Friday, February 02, 2007

Preview of a Post-U.S. World By Fareed Zakaria

Preview of a Post-U.S. World
The ball is in everybody's court, which means it's in nobody's court. This free ride can't last. The global system is not self-managing
By Fareed Zakaria
© 2007 Newsweek, Inc.

Feb. 5, 2007 issue - Two things were missing from this year's world Economic Forum at Davos: snow (which arrived eventually) and America-bashing (which did not). There were, of course, lots of American businessmen, activists and intellectuals filling the panels and halls of the conference. There were even a few senior American officials—though no star speaker. But, for the first time in my memory, America was somewhat peripheral. There were few demands, pleas, complaints or tantrums directed at the United States. In this small but significant global cocoon, people—for the moment at least—seemed to be moving beyond America.

"There has always been a talk by a senior American official as one of the centerpieces of the Forum," said a European who has advised the Forum for many years—and who asked to remain anonymous because of his relations with U.S. officials. "And in the past, people eagerly anticipated who that would be—Colin Powell, Dick Cheney, Condoleezza Rice. This year, almost no one inquired. We expected disappointment. But there was none. No one even noticed."

Part of the reason is that people are moving beyond George W. Bush. Europeans and Middle Easterners in particular used to rail against Bush. Now they think that their views about him and his policies—whether on Iraq, global warming or unilateralism—have all been vindicated, so why keep ranting? Besides, he's a lame-duck president, his weakness on full display in last week's plaintive State of the Union address.

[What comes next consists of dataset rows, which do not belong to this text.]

lemma right_ideal_jacobson: "right_ideal jacobson"
  unfolding right_ideal_def
proof (intro conjI ballI allI)
  show "0 \<in> jacobson" "\<And>x y. x \<in> jacobson \<Longrightarrow> y \<in> jacobson \<Longrightarrow> x - y \<in> jacobson"
    using left_ideal_zero left_ideal_diff left_ideal_jacobson by blast+
  fix s x :: 'a
  assume "x \<in> jacobson"
  then have "\<exists>u. u * (1 - s * (r * x)) = 1" for r
    using jacobson_iff_left_invertible by (metis mult.assoc)
  then have "\<exists>u. u * (1 - r * (x * s)) = 1" for r
    using left_inverse_one_minus_swap[of _ s "r * x"] by (metis mult.assoc)
  then show "x * s \<in> jacobson"
    using jacobson_iff_left_invertible by blast
qed

lemma jacobson_add: "x \<in> jacobson \<Longrightarrow> y \<in> jacobson \<Longrightarrow> x + y \<in> jacobson"
  using left_ideal_add[OF left_ideal_jacobson] .

lemma jacobson_diff: "x \<in> jacobson \<Longrightarrow> y \<in> jacobson \<Longrightarrow> x - y \<in> jacobson"
  using left_ideal_diff[OF left_ideal_jacobson] .

lemma jacobson_uminus: "x \<in> jacobson \<Longrightarrow> - x \<in> jacobson"
  using jacobson_diff[OF left_ideal_zero[OF left_ideal_jacobson]] by fastforce

lemma jacobson_mult_left: "x \<in> jacobson \<Longrightarrow> r * x \<in> jacobson"
  using left_ideal_mult[OF left_ideal_jacobson] .

lemma jacobson_mult_right: "x \<in> jacobson \<Longrightarrow> x * r \<in> jacobson"
  using right_ideal_mult[OF right_ideal_jacobson] .

lemma jacobson_if_right_invertible:
  assumes right_units: "\<forall>r. \<exists>u. (1 - x * r) * u = 1"
  shows "x \<in> jacobson"
  unfolding jacobson_iff_left_invertible
proof
  fix r
  obtain w where w: "(1 - x * r) * w = 1"
    using right_units by blast
  then have "w = 1 - x * - (r * w)"
    by (simp add: algebra_simps)
  moreover obtain w' where "(1 - x * - (r * w)) * w' = 1"
    using right_units by blast
  ultimately have "w * w' = 1"
    by simp
  \<comment> \<open>\<open>w\<close> has the left inverse \<open>1 - xr\<close> and a right inverse, so they coincide\<close>
  then have "1 - x * r = w'"
    using w by (metis mult.assoc mult_1 mult.right_neutral)
  then have "w * (1 - x * r) = 1"
    using \<open>w * w' = 1\<close> by simp
  then show "\<exists>u. u * (1 - r * x) = 1"
    using left_inverse_one_minus_swap by blast
qed

lemma left_quasi_duo_imp_NJ_symmetric:
  assumes "left_quasi_duo TYPE('a::ring_1)"
  shows "NJ_symmetric TYPE('a)"
  unfolding NJ_symmetric_def
proof (intro allI impI)
  fix a b c :: 'a
  assume "nilpotent (a * b * c)"
  moreover have "completely_prime M" if "maximal_left_ideal M" for M :: "'a set"
    using that assms maximal_left_ideal_completely_prime unfolding left_quasi_duo_def by blast
  ultimately show "b * a * c \<in> jacobson"
    unfolding jacobson_def using completely_prime_nilpotent_swap by blast
qed

lemma right_quasi_duo_imp_NJ_symmetric:
  assumes "right_quasi_duo TYPE('a::ring_1)"
  shows "NJ_symmetric TYPE('a)"
  unfolding NJ_symmetric_def
proof (intro allI impI)
  fix a b c :: 'a
  assume nilpotent: "nilpotent (a * b * c)"
  show "b * a * c \<in> jacobson"
  proof (rule jacobson_if_right_invertible, rule allI, rule ccontr)
    fix r
    assume "\<nexists>u. (1 - b * a * c * r) * u = 1"
    then obtain M where M: "maximal_right_ideal M" and "1 - b * a * c * r \<in> M"
      using not_right_invertible_in_maximal_right_ideal by blast
    have "right_ideal M"
      using M unfolding maximal_right_ideal_def by blast
    have "left_ideal M"
      using M assms unfolding right_quasi_duo_def by blast
    with M have "b * a * c \<in> M"
      using maximal_right_ideal_completely_prime completely_prime_nilpotent_swap nilpotent by blast
    then have "(1 - b * a * c * r) + b * a * c * r \<in> M"
      using right_ideal_add[OF \<open>right_ideal M\<close> \<open>1 - b * a * c * r \<in> M\<close>]
        right_ideal_mult[OF \<open>right_ideal M\<close>] by blast
    then show False
      using maximal_right_ideal_one[OF M] by simp
  qed
qed

context
  assumes idempotent_mod_jacobson: "\<And>x::'a::ring_1. x * x - x \<in> jacobson"
begin

lemma power_Suc_minus_self_mem_jacobson: "(x::'a) ^ Suc n - x \<in> jacobson"
proof (induction n)
  case 0
  then show ?case
    using left_ideal_zero[OF left_ideal_jacobson] by simp
next
  case (Suc n)
  have "x ^ Suc (Suc n) - x = x * (x ^ Suc n - x) + (x * x - x)"
    by (simp add: algebra_simps)
  then show ?case
    using Suc.IH idempotent_mod_jacobson jacobson_add jacobson_mult_left by metis
qed

lemma commutator_mem_jacobson: "(x::'a) * y - y * x \<in> jacobson"
proof -
  have anticommutator: "u * v + v * u \<in> jacobson" for u v :: 'a
  proof -
    have "u * v + v * u = ((u + v) * (u + v) - (u + v)) - (u * u - u) - (v * v - v)"
      by (simp add: algebra_simps)
    then show ?thesis
      using idempotent_mod_jacobson jacobson_diff by metis
  qed
  have "y + y \<in> jacobson"
  proof -
    have "y + y = (y * y + y * y) - (y * y - y) - (y * y - y)"
      by (simp add: algebra_simps)
    then show ?thesis
      using anticommutator idempotent_mod_jacobson jacobson_diff by metis
  qed
  moreover have "x * y - y * x = (x * y + y * x) - (y + y) * x"
    by (simp add: algebra_simps)
  ultimately show ?thesis
    using anticommutator jacobson_diff jacobson_mult_right by metis
qed

lemma NJ_symmetric_if_idempotent_mod_jacobson: "NJ_symmetric TYPE('a)"
  unfolding NJ_symmetric_def
proof (intro allI impI)
  fix a b c :: 'a
  assume "nilpotent (a * b * c)"
  then obtain n where "(a * b * c) ^ Suc n = 0"
    unfolding nilpotent_def by (metis not0_implies_Suc power_0 zero_neq_one mult_zero_left)
  then have "- (a * b * c) \<in> jacobson"
    using power_Suc_minus_self_mem_jacobson by (metis diff_0)
  then have "a * b * c \<in> jacobson"
    using jacobson_uminus by fastforce
  moreover have "b * a * c = (b * a - a * b) * c + a * b * c"
    by (simp add: algebra_simps)
  ultimately show "b * a * c \<in> jacobson"
    using commutator_mem_jacobson jacobson_mult_right jacobson_add by metis
qed

end
(* Let $k\ge 1$ and $d\ge 0$ be integers and let $F_1,F_2$ be permutations (bijections, not necessarily linear) of $\mathbb{F}_2^k$. Then $(F_1,F_2)$ is a Correlation Immune Pair of strength $d$ if and only if the binary code $$C(F_1,F_2)=\{(x+y,\,F_1(x),\,F_2(y)) : x,y\in\mathbb{F}_2^k\}\subseteq \mathbb{F}_2^{3k},$$ which has $2^{2k}$ elements, has dual distance at least $d+1$.
   Context: For $a,x\in\mathbb{F}_2^k$, $a\cdot x$ is the usual scalar product and $w_H$ denotes Hamming weight. For a map $F:\mathbb{F}_2^k\to\mathbb{F}_2^k$ and $b\in\mathbb{F}_2^k$, let $b\cdot F$ be the Boolean function $x\mapsto b\cdot F(x)$, and define its Fourier transform at $a\in\mathbb{F}_2^k$ by $\widehat{b\cdot F}(a)=\sum_{x\in\mathbb{F}_2^k,\ b\cdot F(x)=1}(-1)^{a\cdot x}$ (an integer). A pair $(F_1,F_2)$ of permutations of $\mathbb{F}_2^k$ is a Correlation Immune Pair (CIP) of strength $d$ if for every $(a,b,c)\in(\mathbb{F}_2^k)^3$ with $a\neq 0$ and $w_H(a)+w_H(b)+w_H(c)\le d$, one has $\widehat{b\cdot F_1}(a)=0$ or $\widehat{c\cdot F_2}(a)=0$. For a (possibly nonlinear) binary code $C$ of length $n$, its distance distribution is $B_i=\frac{1}{|C|}|\{(x,y)\in C\times C: d_H(x,y)=i\}|$, $0\le i\le n$, with distance enumerator $D_C(X,Y)=\sum_i B_iX^{n-i}Y^i$; the dual distance distribution $(B_i^\perp)$ is defined by $\sum_i B_i^\perp X^{n-i}Y^i=\frac{1}{|C|}D_C(X+Y,X-Y)$, and the dual distance of $C$ is the smallest $i>0$ with $B_i^\perp\neq 0$ (taken to be $+\infty$ if there is none). *)

theory Defs
  imports Complex_Main "HOL-Computational_Algebra.Polynomial" "HOL-Library.Extended_Nat"
begin

text \<open>Vectors of F_2^k are boolean lists of length k (True = 1).\<close>

definition vecs :: "nat \<Rightarrow> bool list set" where
  "vecs k = {xs. length xs = k}"

definition vadd :: "bool list \<Rightarrow> bool list \<Rightarrow> bool list" where
  "vadd xs ys = map2 (\<lambda>a b. a \<noteq> b) xs ys"

definition zero_vec :: "nat \<Rightarrow> bool list" where
  "zero_vec k = replicate k False"

definition dot :: "bool list \<Rightarrow> bool list \<Rightarrow> bool" where
  "dot xs ys = odd (length (filter (\<lambda>p. fst p \<and> snd p) (zip xs ys)))"

definition wH :: "bool list \<Rightarrow> nat" where
  "wH xs = length (filter id xs)"

definition dH :: "bool list \<Rightarrow> bool list \<Rightarrow> nat" where
  "dH xs ys = wH (vadd xs ys)"
(* Let $x \in \mathcal{X}_f$ be arbitrary and $\mathcal{A}(x)$ the corresponding active set. Assume the matrix $G^{\mathcal{A}}$ has full row rank and let $(G^{\mathcal{A}})^{\prime}=\begin{bmatrix} E & J \end{bmatrix} \begin{bmatrix} F \\ 0\end{bmatrix}$ be a QR factorization of $(G^{\mathcal{A}})^{\prime}$. Let $K_{\epsilon}=E \Theta S^{\mathcal{A}}- J \Psi J^{\prime} \hat{H} E \Theta S^{\mathcal{A}}$, $b_{\epsilon}=(E-J \Psi J^{\prime} \hat{H} E) \Theta W^{\mathcal{A}} - J \Psi J^{\prime} c$, $K_{\lambda}=-\Theta^{\prime} E^{\prime} (\hat{H} K_{\epsilon})$, $b_{\lambda}=-\Theta^{\prime} E^{\prime} (\hat{H} b_{\epsilon}+c)$, where $\Psi=(J^{\prime}\hat{H}J)^{-1}$ and $\Theta=(G^{\mathcal{A}}E)^{-1}$ exist by construction. Then $\epsilon^\star(x)=K_{\epsilon}x+b_{\epsilon}$ is the affine optimizer and $\lambda^{\star \mathcal{A}}(x)=K_{\lambda}x+b_{\lambda}$ are the corresponding affine active Lagrange multipliers on the polytope $\mathcal{P}=\{x \in \mathbb{R}^n \mid Tx \leq d\}$ with $T=\begin{pmatrix} G^{\mathcal{I}} K_\epsilon-S^{\mathcal{I}} \\ -K_{\lambda}\end{pmatrix}$ and $d=\begin{pmatrix} W^{\mathcal{I}} -G^{\mathcal{I}} b_{\epsilon} \\ b_{\lambda}\end{pmatrix}$.
   Context: Consider the linear system $x(k+1)=Ax(k)+Bu(k)+Dw(k)$ with $x\in\mathbb{R}^n$, $u\in\mathbb{R}^m$, $w\in\mathbb{R}^s$, compact polyhedral constraints $x\in\mathcal{X}$, $u\in\mathcal{U}$, $w\in\mathcal{D}$ containing the origin in their interior, and input $u(k)=-K_\infty x(k)+v(k)$ with LQR gain $K_\infty$ and correction input $v$. A min-max MPC problem over horizon $N$ (worst case over disturbance sequences) is reformulated as the QP $\min_{Z,\gamma} \frac12 Z'HZ+\gamma$ s.t. $G_{\mathrm m}Z+g_{\mathrm m}\gamma\le W_{\mathrm m}+S_{\mathrm m}x$, $G_{\mathrm c}Z\le W_{\mathrm c}+S_{\mathrm c}x$, with $H\succ 0$, $Z\in\mathbb{R}^{mN}$, $\gamma\in\mathbb{R}$, $Z=V+H^{-1}L'x$ where $V$ is the correction input sequence; this QP has a unique optimizer. With $\epsilon=[Z',\gamma]'$ it is written as $\min_\epsilon \frac12\epsilon'\hat H\epsilon+c'\epsilon$ s.t. $G\epsilon\le W+Sx$, where $\hat H=\begin{pmatrix}H&0\\0&0\end{pmatrix}$ (singular), $c'=(0,\dots,0,1)$, $G\in\mathbb{R}^{(l+r)\times(mN+1)}$, $W\in\mathbb{R}^{l+r}$, $S\in\mathbb{R}^{(l+r)\times n}$. $\mathcal{X}_f$ is the set of states for which the problem is feasible; $\epsilon^\star(x)$, $\lambda^\star(x)$ are the optimizer and Lagrange multipliers. Active set $\mathcal{A}(x)=\{i \mid G^i\epsilon^\star(x)-W^i-S^ix=0\}$, inactive set $\mathcal{I}(x)=\{i\mid G^i\epsilon^\star(x)-W^i-S^ix<0\}$. For a matrix $M$, $M^{\mathcal{L}}$ denotes the submatrix of rows indexed by $\mathcal{L}$. *)

theory Defs
  imports "Jordan_Normal_Form.DL_Rank_Submatrix" "Jordan_Normal_Form.Gauss_Jordan_Elimination"
begin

But there may be a larger phenomenon at work here. This year's conference theme was titled "Shaping the Global Agenda: The Shifting Power Equation." The emphasis, and some of the talk at the conference, focused on that shift in power, with speakers foretelling the rise of Asia (and implicitly, the decline of America and Europe).

We are certainly in a trough for America—with Bush in his last years, with the United States mired in Iraq, with hostility toward Washington still high almost everywhere. But if so, we might also be getting a glimpse of what a world without America would look like. It will be free of American domination, but perhaps also free of leadership—a world in which problems fester and the buck is endlessly passed, until problems explode.

Listen to the new powers. China, which in three years will likely become the world's biggest emitter of CO2, is determined not to be a leader in dealing with global environmental issues. "The ball is not in China's court," said Zhu Min, the executive vice president of the Bank of China and a former senior official in the government. "The ball is in everybody's court." India's brilliant planning czar, Montek Singh Alluwalliah, said that "every country should have the same per capita rights to pollution." In the abstract that's logical enough, but in the real world, if 2.3 billion people (the population of China plus India) pollute at average Western levels, you will have a global meltdown.

German Chancellor Angela Merkel called for a new round of trade talks and asked that everyone be "flexible." In fact, the United States has exhibited considerable flexibility, relaxing its position on many contentious issues, including agricultural subsidies. On the other hand, France, that eloquent critic of U.S. unilateralism, has refused to budge on its lavish subsidies for farmers. As a result, the European Union is fractured and paralyzed. For their part Brazil, China and India speak of flexibility in the abstract but have made no new proposals. The ball for every problem is in everybody's court, which means that it is in nobody's court.

The problem is that this free ride probably can't last forever. The global system—economic, political, social—is not self-managing. Global economic growth has been a fantastic boon, but it produces stresses and strains that have to be handled. Without some coordination, or first mover—or, dare one say it, leader—such management is more difficult.

The world today bears some resemblance to the 1920s, when a newly globalized economy was booming, and science and technological change were utterly transforming life. (Think of the high-tech of the time—electricity, radio, movies and cars, among other recent inventions.) But with Britain declining and America isolationist, that was truly a world without political direction. Eventually protectionism, nationalism, xenophobia and war engulfed it.

In a provocative essay in Foreign Policy three years ago, the British historian Niall Ferguson speculated that the end of American hegemony might not fuel an orderly shift to a multipolar system but a descent into a world of highly fragmented powers, with no one exercising any global leadership. He called this "apolarity." "Apolarity could turn out to mean an anarchic new Dark Age," Ferguson wrote, "an era of waning empires and religious fanaticism, of economic plunder and pillage in the world's forgotten regions, of economic stagnation, and civilization's retreat into a few fortified enclaves." That might be a little farfetched. But for those who have been fondly waiting for the waning of American dominance—be careful what you wish for.